He then went on to represent for two terms from 1993 until 1997. In Congress, he was conservative on defense spending and fiscal restraint, but was pro-choice on abortion, in particular voting against the 1996 Partial Birth Abortion Ban. During his campaign for Chairman of the Massachusetts Republican Party in 2007, he claimed that he had a problem with the wording of the bill as it excluded an exception for saving the mother's life, and had he been re-elected would have supported a similar bill with the exception. He also supported the 1996 Defense of Marriage Act.

He was narrowly defeated in the presidential-year election of 1996 by Democrat John F. Tierney in a state that voted overwhelmingly for Democratic President Bill Clinton in that year's Presidential election.
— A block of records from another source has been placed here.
(* Let $\mathcal{X}=\langle P,K,V\rangle$ be a polyhedral model. The logical equivalence relation $\equiv$ on $P$ has only finitely many equivalence classes, and for each equivalence class $C$ there is an SLCS formula $\phi^C$ such that for all $x\in P$: $\mathcal{X},x\models\phi^C\iff x\in C$.
   Context: A $d$-simplex $\sigma\subseteq\mathbb{R}^m$ is the convex hull of $d+1$ affinely independent points $v_0,\dots,v_d$ (its vertices); the simplexes spanned by subsets of the vertices (including the empty simplex) are its faces, and $\tau\preceq\sigma$ means $\tau$ is a face of $\sigma$. The relative interior of $\sigma$ is $\tilde\sigma=\{\sum_i\lambda_iv_i:\lambda_i\in(0,1],\sum_i\lambda_i=1\}$. A simplicial complex $K$ is a finite set of simplexes of $\mathbb{R}^m$ closed under taking faces and such that the intersection of any two of its simplexes is a face of both. Its polyhedron is $|K|=\bigcup K$, with the subspace topology of $\mathbb{R}^m$; $\mathcal{C}$ and $\mathcal{I}$ denote closure and interior in this space. The cells of $K$ are the sets $\tilde\sigma$ for nonempty $\sigma\in K$; they form a partition $\tilde K$ of $|K|$. A path in a space $P$ is a continuous $\pi:[0,1]\to P$; $\pi(S)=\{\pi(s):s\in S\}$. Fix a finite set $AP$ of atomic propositions. A polyhedral model is $\mathcal{X}=\langle P,K,V\rangle$ with $K$ a simplicial complex, $P=|K|$, and $V:AP\to\mathcal{P}(P)$ such that each $V(p)$ is a union of cells of $K$ ($K$ is then called coherent with the model). SLCS formulas: $\phi::=\top\mid p\mid\neg\phi\mid\phi\wedge\phi\mid\Box\phi\mid\gamma(\phi,\phi)$, $p\in AP$. Semantics at $x\in P$, with $[\![\phi]\!]=\{x\in P:\mathcal{X},x\models\phi\}$: $\top$ always holds; $x\models p$ iff $x\in V(p)$; Boolean connectives as usual; $x\models\Box\phi$ iff $x\in\mathcal{I}([\![\phi]\!])$; $x\models\gamma(\phi,\psi)$ iff there is a path $\pi$ in $P$ with $\pi(0)=x$, $\pi((0,1))\subseteq[\![\phi]\!]$ and $\pi(1)\in[\![\psi]\!]$. Logical equivalence $\equiv$ on $P$: $x\equiv y$ iff $x$ and $y$ satisfy exactly the same SLCS formulas. *)

theory Defs
  imports "HOL-Analysis.Analysis"
begin

text \<open>Simplexes in an arbitrary Euclidean space 'a (playing the role of R^m).
  A simplex is the convex hull of a finite affinely independent vertex set
  (the empty vertex set gives the empty simplex).\<close>

definition is_simplex :: "'a::euclidean_space set \<Rightarrow> bool" where
  "is_simplex \<sigma> \<longleftrightarrow> (\<exists>V. finite V \<and> \<not> affine_dependent V \<and> \<sigma> = convex hull V)"

definition simplex_face :: "'a::euclidean_space set \<Rightarrow> 'a set \<Rightarrow> bool" where
  "simplex_face \<tau> \<sigma> \<longleftrightarrow> (\<exists>V W. finite V \<and> \<not> affine_dependent V \<and> \<sigma> = convex hull V
        \<and> W \<subseteq> V \<and> \<tau> = convex hull W)"

definition open_simplex :: "'a::euclidean_space set \<Rightarrow> 'a set" where
  "open_simplex V = {x. \<exists>l. (\<forall>v\<in>V. 0 < l v \<and> l v \<le> 1) \<and> sum l V = 1
                          \<and> x = (\<Sum>v\<in>V. l v *\<^sub>R v)}"

definition simplicial_complex :: "'a::euclidean_space set set \<Rightarrow> bool" where
  "simplicial_complex K \<longleftrightarrow> finite K \<and> (\<forall>\<sigma>\<in>K. is_simplex \<sigma>)
     \<and> (\<forall>\<sigma>\<in>K. \<forall>\<tau>. simplex_face \<tau> \<sigma> \<longrightarrow> \<tau> \<in> K)
     \<and> (\<forall>\<sigma>\<in>K. \<forall>\<tau>\<in>K. simplex_face (\<sigma> \<inter> \<tau>) \<sigma> \<and> simplex_face (\<sigma> \<inter> \<tau>) \<tau>)"

definition cells :: "'a::euclidean_space set set \<Rightarrow> 'a set set" where
  "cells K = {C. \<exists>V. finite V \<and> \<not> affine_dependent V \<and> V \<noteq> {}
                   \<and> convex hull V \<in> K \<and> C = open_simplex V}"

text \<open>Polyhedral model: K simplicial complex, P = |K|, each V(p) a union of cells.\<close>
definition polyhedral_model :: "'a::euclidean_space set set \<Rightarrow> ('p \<Rightarrow> 'a set) \<Rightarrow> bool" where
  "polyhedral_model K Val \<longleftrightarrow> simplicial_complex K
     \<and> (\<forall>p. \<exists>S. S \<subseteq> cells K \<and> Val p = \<Union>S)"

datatype 'p slcs = Top | Atom 'p | Neg "'p slcs" | Conj "'p slcs" "'p slcs"
  | Box "'p slcs" | Gamma "'p slcs" "'p slcs"

fun sem :: "'a::euclidean_space set set \<Rightarrow> ('p \<Rightarrow> 'a set) \<Rightarrow> 'p slcs \<Rightarrow> 'a set" where
  "sem K Val Top = \<Union>K"
| "sem K Val (Atom p) = \<Union>K \<inter> Val p"
| "sem K Val (Neg \<phi>) = \<Union>K - sem K Val \<phi>"
| "sem K Val (Conj \<phi> \<psi>) = sem K Val \<phi> \<inter> sem K Val \<psi>"
| "sem K Val (Box \<phi>) = (top_of_set (\<Union>K)) interior_of (sem K Val \<phi>)"
| "sem K Val (Gamma \<phi> \<psi>) = {x \<in> \<Union>K. \<exists>\<pi>. path \<pi> \<and> path_image \<pi> \<subseteq> \<Union>K \<and> \<pi> 0 = x
        \<and> (\<forall>s\<in>{0<..<1}. \<pi> s \<in> sem K Val \<phi>) \<and> \<pi> 1 \<in> sem K Val \<psi>}"

definition sat :: "'a::euclidean_space set set \<Rightarrow> ('p \<Rightarrow> 'a set) \<Rightarrow> 'a \<Rightarrow> 'p slcs \<Rightarrow> bool" where
  "sat K Val x \<phi> \<longleftrightarrow> x \<in> sem K Val \<phi>"

definition log_equiv :: "'a::euclidean_space set set \<Rightarrow> ('p \<Rightarrow> 'a set) \<Rightarrow> ('a \<times> 'a) set" where
  "log_equiv K Val = {(x, y). x \<in> \<Union>K \<and> y \<in> \<Union>K \<and> (\<forall>\<phi>. sat K Val x \<phi> \<longleftrightarrow> sat K Val y \<phi>)}"

end

theory Submission
  imports Defs
begin

text \<open>Fix positive weights c on the vertices. Rescaling the barycentric coordinates a of a
  point of |K| to c u * a u (and normalising) is well defined, because two simplexes containing
  a point meet in a common face that carries all its nonzero coordinates. On each simplex it is a
  quotient of two affine maps, so it is continuous, and the weights 1/c invert it: it is a
  homeomorphism of |K| mapping every cell onto itself. Such a homeomorphism preserves the
  valuation and therefore the meaning of every formula, and any two points of a cell are related
  by a suitable choice of weights. Hence every class of \<equiv> is a union of cells, of which there are
  finitely many, and a class is defined by the conjunction of finitely many formulas, each
  separating it from one of the other classes.\<close>

section \<open>Barycentric coordinates in a simplicial complex\<close>

lemma affine_independent_coefficients_eq:
  fixes U :: "'a::euclidean_space set"
  assumes "finite U" "\<not> affine_dependent U" "sum a U = 1" "sum b U = 1"
    "(\<Sum>u\<in>U. a u *\<^sub>R u) = (\<Sum>u\<in>U. b u *\<^sub>R u)" "u \<in> U"
  shows "a u = b u"
proof (rule ccontr)
  assume "a u \<noteq> b u"
  moreover have "sum (\<lambda>v. a v - b v) U = 0"
    using assms(3,4) by (simp add: sum_subtractf)
  moreover have "(\<Sum>v\<in>U. (a v - b v) *\<^sub>R v) = 0"
    using assms(5) by (simp add: scaleR_diff_left sum_subtractf)
  ultimately have "affine_dependent U"
    using assms(6) unfolding affine_dependent_explicit_finite[OF assms(1)]
    by (intro exI[of _ "\<lambda>v. a v - b v"]) auto
  with assms(2) show False by simp
qed

lemma affine_independent_convex_hull_eq_imp_eq:
  fixes V W :: "'a::euclidean_space set"
  assumes "\<not> affine_dependent V" "\<not> affine_dependent W" "convex hull V = convex hull W"
  shows "V = W"
proof (rule set_eqI)
  fix x
  have "x \<in> V \<longleftrightarrow> x extreme_point_of (convex hull V)"
    by (rule extreme_point_of_convex_hull_affine_independent[OF assms(1), symmetric])
  also have "\<dots> \<longleftrightarrow> x \<in> W"
    unfolding assms(3) by (rule extreme_point_of_convex_hull_affine_independent[OF assms(2)])
  finally show "x \<in> V \<longleftrightarrow> x \<in> W" .
qed

lemma simplicial_complexD:
  assumes "simplicial_complex K" "\<sigma> \<in> K"
  shows "is_simplex \<sigma>" "simplex_face \<tau> \<sigma> \<Longrightarrow> \<tau> \<in> K"
    "\<sigma>' \<in> K \<Longrightarrow> simplex_face (\<sigma> \<inter> \<sigma>') \<sigma>"
    "\<sigma>' \<in> K \<Longrightarrow> simplex_face (\<sigma> \<inter> \<sigma>') \<sigma>'"
  using assms unfolding simplicial_complex_def by blast+

definition simplex_vertices :: "'a::euclidean_space set set \<Rightarrow> 'a set \<Rightarrow> bool" where
  "simplex_vertices K U \<longleftrightarrow> finite U \<and> \<not> affine_dependent U \<and> convex hull U \<in> K"
(* Let $\mathcal I$ be a co-analytic ideal on $\omega$ and $F:\omega^\omega\to\mathcal I^+$ a continuous surjection. Then the games $\mathcal H_{\mathsf{Cat}}(\mathcal I,F)$ and $\mathcal G_{\mathsf{Cat}}(\mathcal I)$ are determined.
   Context: $\mathcal P(\omega)$ is identified with $2^\omega$; $\mathcal I$ is co-analytic as a subset of it, and $\mathcal I^+=\mathcal P(\omega)\setminus\mathcal I$. The game $\mathcal G_{\mathsf{Cat}}(\mathcal I)$: in round $n\in\omega$ Player I plays $A_n\in\mathcal I$ and Player II plays $b_n\in\omega\setminus A_n$; II wins iff $\{b_n:n\in\omega\}\in\mathcal I^+$. Let $R$ be the set of functions $f:\omega\to\omega\cup\{-1\}$ with $f(n)<n$ for all $n$ and $\{n:f(n)\ne-1\}$ infinite; for $f\in R$, enumerating $\{n:f(n)\ne-1\}=\{n_i:i\in\omega\}$ increasingly, let $\tilde f(i)=f(n_i)$. The game $\mathcal H_{\mathsf{Cat}}(\mathcal I,F)$: in round $n$ Player I plays $A_n\in\mathcal I$ and Player II plays a pair $(b_n,m_n)$ with $b_n\in\omega\setminus A_n$ and $m_n\in n\cup\{-1\}$; letting $g(n)=m_n$, Player II wins iff $\{n:m_n\ne-1\}$ is infinite and $F(\tilde g)=\{b_n:n\in\omega\}$. A game is determined if one of the players has a winning strategy. *)

theory Defs
  imports "HOL-Analysis.Analysis" "HOL-Library.Infinite_Set"
begin

text \<open>P(omega) is identified with the Cantor space 2^omega: a set S of naturals is
  identified with its 0/1-valued characteristic sequence, viewed inside the Baire space
  nat => nat (product topology of discrete nat); the subspace of 0/1 sequences is the
  Cantor space with its product topology.\<close>

definition chi :: "nat set \<Rightarrow> (nat \<Rightarrow> nat)" where
  "chi S = (\<lambda>n. if n \<in> S then 1 else 0)"

definition cont_into_P :: "((nat \<Rightarrow> nat) \<Rightarrow> nat set) \<Rightarrow> bool" where
  "cont_into_P F \<longleftrightarrow> continuous_on UNIV (\<lambda>x. chi (F x))"

definition analytic_P :: "nat set set \<Rightarrow> bool" where
  "analytic_P A \<longleftrightarrow> A = {} \<or> (\<exists>f. cont_into_P f \<and> range f = A)"

definition coanalytic_P :: "nat set set \<Rightarrow> bool" where
  "coanalytic_P A \<longleftrightarrow> analytic_P (UNIV - A)"

definition ideal_on_omega :: "nat set set \<Rightarrow> bool" where
  "ideal_on_omega I \<longleftrightarrow>
     (\<forall>A B. A \<in> I \<longrightarrow> B \<subseteq> A \<longrightarrow> B \<in> I) \<and>
     (\<forall>A B. A \<in> I \<longrightarrow> B \<in> I \<longrightarrow> A \<union> B \<in> I) \<and>
     (\<forall>A. finite A \<longrightarrow> A \<in> I) \<and>
     UNIV \<notin> I"

definition Iplus :: "nat set set \<Rightarrow> nat set set" where
  "Iplus I = UNIV - I"

definition pref :: "(nat \<Rightarrow> 'a) \<Rightarrow> nat \<Rightarrow> 'a list" where
  "pref s n = map s [0..<n]"

text \<open>A strategy for Player I maps the list of Player II's previous moves [b_0,...,b_{n-1}]
  to A_n, which must lie in I.  A strategy for Player II maps the list of Player I's moves
  [A_0,...,A_n] to b_n, which must avoid A_n whenever all A_i are legal (in I).\<close>

definition G_I_strategy :: "nat set set \<Rightarrow> (nat list \<Rightarrow> nat set) \<Rightarrow> bool" where
  "G_I_strategy I \<sigma> \<longleftrightarrow> (\<forall>s. \<sigma> s \<in> I)"

definition G_I_winning :: "nat set set \<Rightarrow> (nat list \<Rightarrow> nat set) \<Rightarrow> bool" where
  "G_I_winning I \<sigma> \<longleftrightarrow> G_I_strategy I \<sigma> \<and>
     (\<forall>b::nat \<Rightarrow> nat. (\<forall>n. b n \<notin> \<sigma> (pref b n)) \<longrightarrow> range b \<notin> Iplus I)"

definition G_II_strategy :: "nat set set \<Rightarrow> (nat set list \<Rightarrow> nat) \<Rightarrow> bool" where
  "G_II_strategy I \<tau> \<longleftrightarrow>
     (\<forall>As. As \<noteq> [] \<longrightarrow> set As \<subseteq> I \<longrightarrow> \<tau> As \<notin> last As)"

definition G_II_winning :: "nat set set \<Rightarrow> (nat set list \<Rightarrow> nat) \<Rightarrow> bool" where
  "G_II_winning I \<tau> \<longleftrightarrow> G_II_strategy I \<tau> \<and>
     (\<forall>A::nat \<Rightarrow> nat set. (\<forall>n. A n \<in> I) \<longrightarrow>
        range (\<lambda>n. \<tau> (pref A (Suc n))) \<in> Iplus I)"

definition G_Cat_determined :: "nat set set \<Rightarrow> bool" where
  "G_Cat_determined I \<longleftrightarrow> (\<exists>\<sigma>. G_I_winning I \<sigma>) \<or> (\<exists>\<tau>. G_II_winning I \<tau>)"

text \<open>For g : omega -> omega \<union> {-1} (encoded as int-valued) with infinitely many
  non-(-1) values, tilde g enumerates the values g(n_i) where n_0 < n_1 < ... enumerate
  {n. g n \<noteq> -1}.\<close>
definition tilde :: "(nat \<Rightarrow> int) \<Rightarrow> nat \<Rightarrow> nat" where
  "tilde g i = nat (g (enumerate {n. g n \<noteq> -1} i))"

definition H_legal :: "nat set \<Rightarrow> nat \<Rightarrow> nat \<times> int \<Rightarrow> bool" where
  "H_legal A n bm \<longleftrightarrow> fst bm \<notin> A \<and> -1 \<le> snd bm \<and> snd bm < int n"

definition H_II_wins :: "((nat \<Rightarrow> nat) \<Rightarrow> nat set) \<Rightarrow> (nat \<Rightarrow> nat \<times> int) \<Rightarrow> bool" where
  "H_II_wins F bm \<longleftrightarrow>
     infinite {n. snd (bm n) \<noteq> -1} \<and>
     F (tilde (\<lambda>n. snd (bm n))) = range (\<lambda>n. fst (bm n))"

definition H_I_strategy :: "nat set set \<Rightarrow> ((nat \<times> int) list \<Rightarrow> nat set) \<Rightarrow> bool" where
  "H_I_strategy I \<sigma> \<longleftrightarrow> (\<forall>s. \<sigma> s \<in> I)"

definition H_I_winning ::
  "nat set set \<Rightarrow> ((nat \<Rightarrow> nat) \<Rightarrow> nat set) \<Rightarrow> ((nat \<times> int) list \<Rightarrow> nat set) \<Rightarrow> bool" where
  "H_I_winning I F \<sigma> \<longleftrightarrow> H_I_strategy I \<sigma> \<and>
     (\<forall>bm::nat \<Rightarrow> nat \<times> int. (\<forall>n. H_legal (\<sigma> (pref bm n)) n (bm n)) \<longrightarrow> \<not> H_II_wins F bm)"

definition H_II_strategy :: "nat set set \<Rightarrow> (nat set list \<Rightarrow> nat \<times> int) \<Rightarrow> bool" where
  "H_II_strategy I \<tau> \<longleftrightarrow>
     (\<forall>As. As \<noteq> [] \<longrightarrow> set As \<subseteq> I \<longrightarrow> H_legal (last As) (length As - 1) (\<tau> As))"

definition H_II_winning ::
  "nat set set \<Rightarrow> ((nat \<Rightarrow> nat) \<Rightarrow> nat set) \<Rightarrow> (nat set list \<Rightarrow> nat \<times> int) \<Rightarrow> bool" where
  "H_II_winning I F \<tau> \<longleftrightarrow> H_II_strategy I \<tau> \<and>
     (\<forall>A::nat \<Rightarrow> nat set. (\<forall>n. A n \<in> I) \<longrightarrow> H_II_wins F (\<lambda>n. \<tau> (pref A (Suc n))))"

definition H_Cat_determined :: "nat set set \<Rightarrow> ((nat \<Rightarrow> nat) \<Rightarrow> nat set) \<Rightarrow> bool" where
  "H_Cat_determined I F \<longleftrightarrow> (\<exists>\<sigma>. H_I_winning I F \<sigma>) \<or> (\<exists>\<tau>. H_II_winning I F \<tau>)"

end

theory Submission
  imports Defs
begin

text \<open>For continuous \<open>F\<close>, Player I wins a play of \<open>\<H>\<^sub>C\<^sub>a\<^sub>t(I, F)\<close> iff \<open>g\<close> takes values
  other than \<open>-1\<close> only finitely often, or some \<open>k \<in> F x\<close> is never played, or some \<open>b\<^sub>n \<notin> F x\<close>,
  where \<open>x = tilde g\<close>.  Each of the last two events is witnessed by an initial segment of \<open>x\<close>
  deciding the membership of one number in \<open>F x\<close>, so Player I's payoff set is a countable union
  of closed sets, and the game is determined by the determinacy of \<open>\<Sigma>\<^sup>0\<^sub>2\<close> games.  The latter
  follows from Gale-Stewart by the usual ranking argument: either Player I can force his way
  through a well-founded hierarchy of positions into some closed set for good, or Player II can
  leave the closed sets one after the other.

  A winning strategy in \<open>\<H>\<^sub>C\<^sub>a\<^sub>t(I, F)\<close> yields one in \<open>\<G>\<^sub>C\<^sub>a\<^sub>t(I)\<close>.  Player II forgets her
  \<open>m\<close>-moves, since \<open>F\<close> takes values in \<open>I\<^sup>+\<close>.  Player I answers with the union of his answers
  to all the finitely many possible sequences of \<open>m\<close>-moves; since every \<open>x\<close> is coded by a
  legal sequence of \<open>m\<close>-moves and \<open>F\<close> maps onto \<open>I\<^sup>+\<close>, this defeats every play of Player II.\<close>

lemma pref_0 [simp]: "pref p 0 = []"
  by (simp add: pref_def)

lemma pref_Suc: "pref p (Suc n) = pref p n @ [p n]"
  by (simp add: pref_def)

lemma length_pref [simp]: "length (pref p n) = n"
  by (simp add: pref_def)

lemma nth_pref [simp]: "i < n \<Longrightarrow> pref p n ! i = p i"
  by (simp add: pref_def)

lemma take_pref [simp]: "k \<le> n \<Longrightarrow> take k (pref p n) = pref p k"
  by (simp add: pref_def take_map)

lemma pref_eq_iff: "pref p n = pref q n \<longleftrightarrow> (\<forall>i<n. p i = q i)"
  by (auto simp: pref_def)

text \<open>The phase of a history \<open>h\<close> at time \<open>K\<close> is a pair \<open>(n, j)\<close>: since time \<open>j\<close>, all
  prefixes seen so far lie in \<open>T n\<close>.\<close>

fun phase_list :: "(nat \<Rightarrow> 'c list set) \<Rightarrow> 'c list \<Rightarrow> nat \<Rightarrow> nat \<times> nat" where
  "phase_list T h 0 = (0, 0)"
| "phase_list T h (Suc K) = (case phase_list T h K of (n, j) \<Rightarrow>
      if \<exists>i\<le>Suc K. take i h \<notin> T n then (Suc n, Suc K) else (n, j))"

definition phase :: "(nat \<Rightarrow> 'c list set) \<Rightarrow> (nat \<Rightarrow> 'c) \<Rightarrow> nat \<Rightarrow> nat \<times> nat" where
  "phase T p K = phase_list T (pref p K) K"

lemma phase_list_cong: "\<forall>i\<le>K. take i h = take i h' \<Longrightarrow> phase_list T h K = phase_list T h' K"
  by (induction K) (auto split: prod.splits)

lemma phase_list_pref: "K \<le> M \<Longrightarrow> phase_list T (pref p M) K = phase T p K"
  unfolding phase_def by (rule phase_list_cong) auto

lemma phase_0: "phase T p 0 = (0, 0)"
  by (simp add: phase_def)

lemma phase_Suc: "phase T p (Suc K) = (case phase T p K of (n, j) \<Rightarrow>
      if \<exists>i\<le>Suc K. pref p i \<notin> T n then (Suc n, Suc K) else (n, j))"
  using phase_list_pref[of K "Suc K" T p] by (auto simp: phase_def split: prod.splits)

lemma phase_constant:
  assumes "phase T p K = (n, j)"
  shows "j \<le> K" and "j \<le> m \<Longrightarrow> m \<le> K \<Longrightarrow> phase T p m = (n, j)"
proof -
  have "j \<le> K \<and> (\<forall>m. j \<le> m \<longrightarrow> m \<le> K \<longrightarrow> phase T p m = (n, j))"
    using assms
  proof (induction K arbitrary: n j)
    case 0
    then show ?case by (auto simp: phase_0)
  next
    case (Suc K)
    obtain n' j' where prev: "phase T p K = (n', j')"
      by force
    show ?case
    proof (cases "\<exists>i\<le>Suc K. pref p i \<notin> T n'")
      case True
      then show ?thesis
        using Suc.prems prev by (auto simp: phase_Suc)
    next
      case False
      then have "phase T p (Suc K) = (n', j')"
        using prev by (simp add: phase_Suc)
      then show ?thesis
        using Suc.prems Suc.IH[OF prev] by (auto simp: le_Suc_eq)
    qed
  qed
  then show "j \<le> K" and "j \<le> m \<Longrightarrow> m \<le> K \<Longrightarrow> phase T p m = (n, j)"
    by auto
qed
Tierney was part of a net eight seat Democratic gain in the House elections that year. Torkildsen challenged Tierney to a rematch in the United States House election, 1998, but Tierney won that contest as well, 55%–43%. Since Torkildsen and Peter I. Blute left Congress in 1997, there have been no Republicans elected to the House of Representatives from Massachusetts.

==Post-congressional career==
Since leaving the House, Torkildsen has returned to working in labor and workforce related areas. From 2001 to 2003, he served as a commissioner on the Massachusetts Labor Relations Commission. In 2003, he was the Director of Federal, State and Local Workforce Relations for the Massachusetts Department of Workforce Development. Since 2004, he has been the Executive Director of the Massachusetts Workforce Investment Board. Desiring to lead the repair of a Massachusetts Republican Party, Torkildsen announced in December 2006 that he would run in the January 2007 election for State Party Chairman. Torkildsen left the Massachusetts Workforce Investment Board with Gov. Deval Patrick's inauguration.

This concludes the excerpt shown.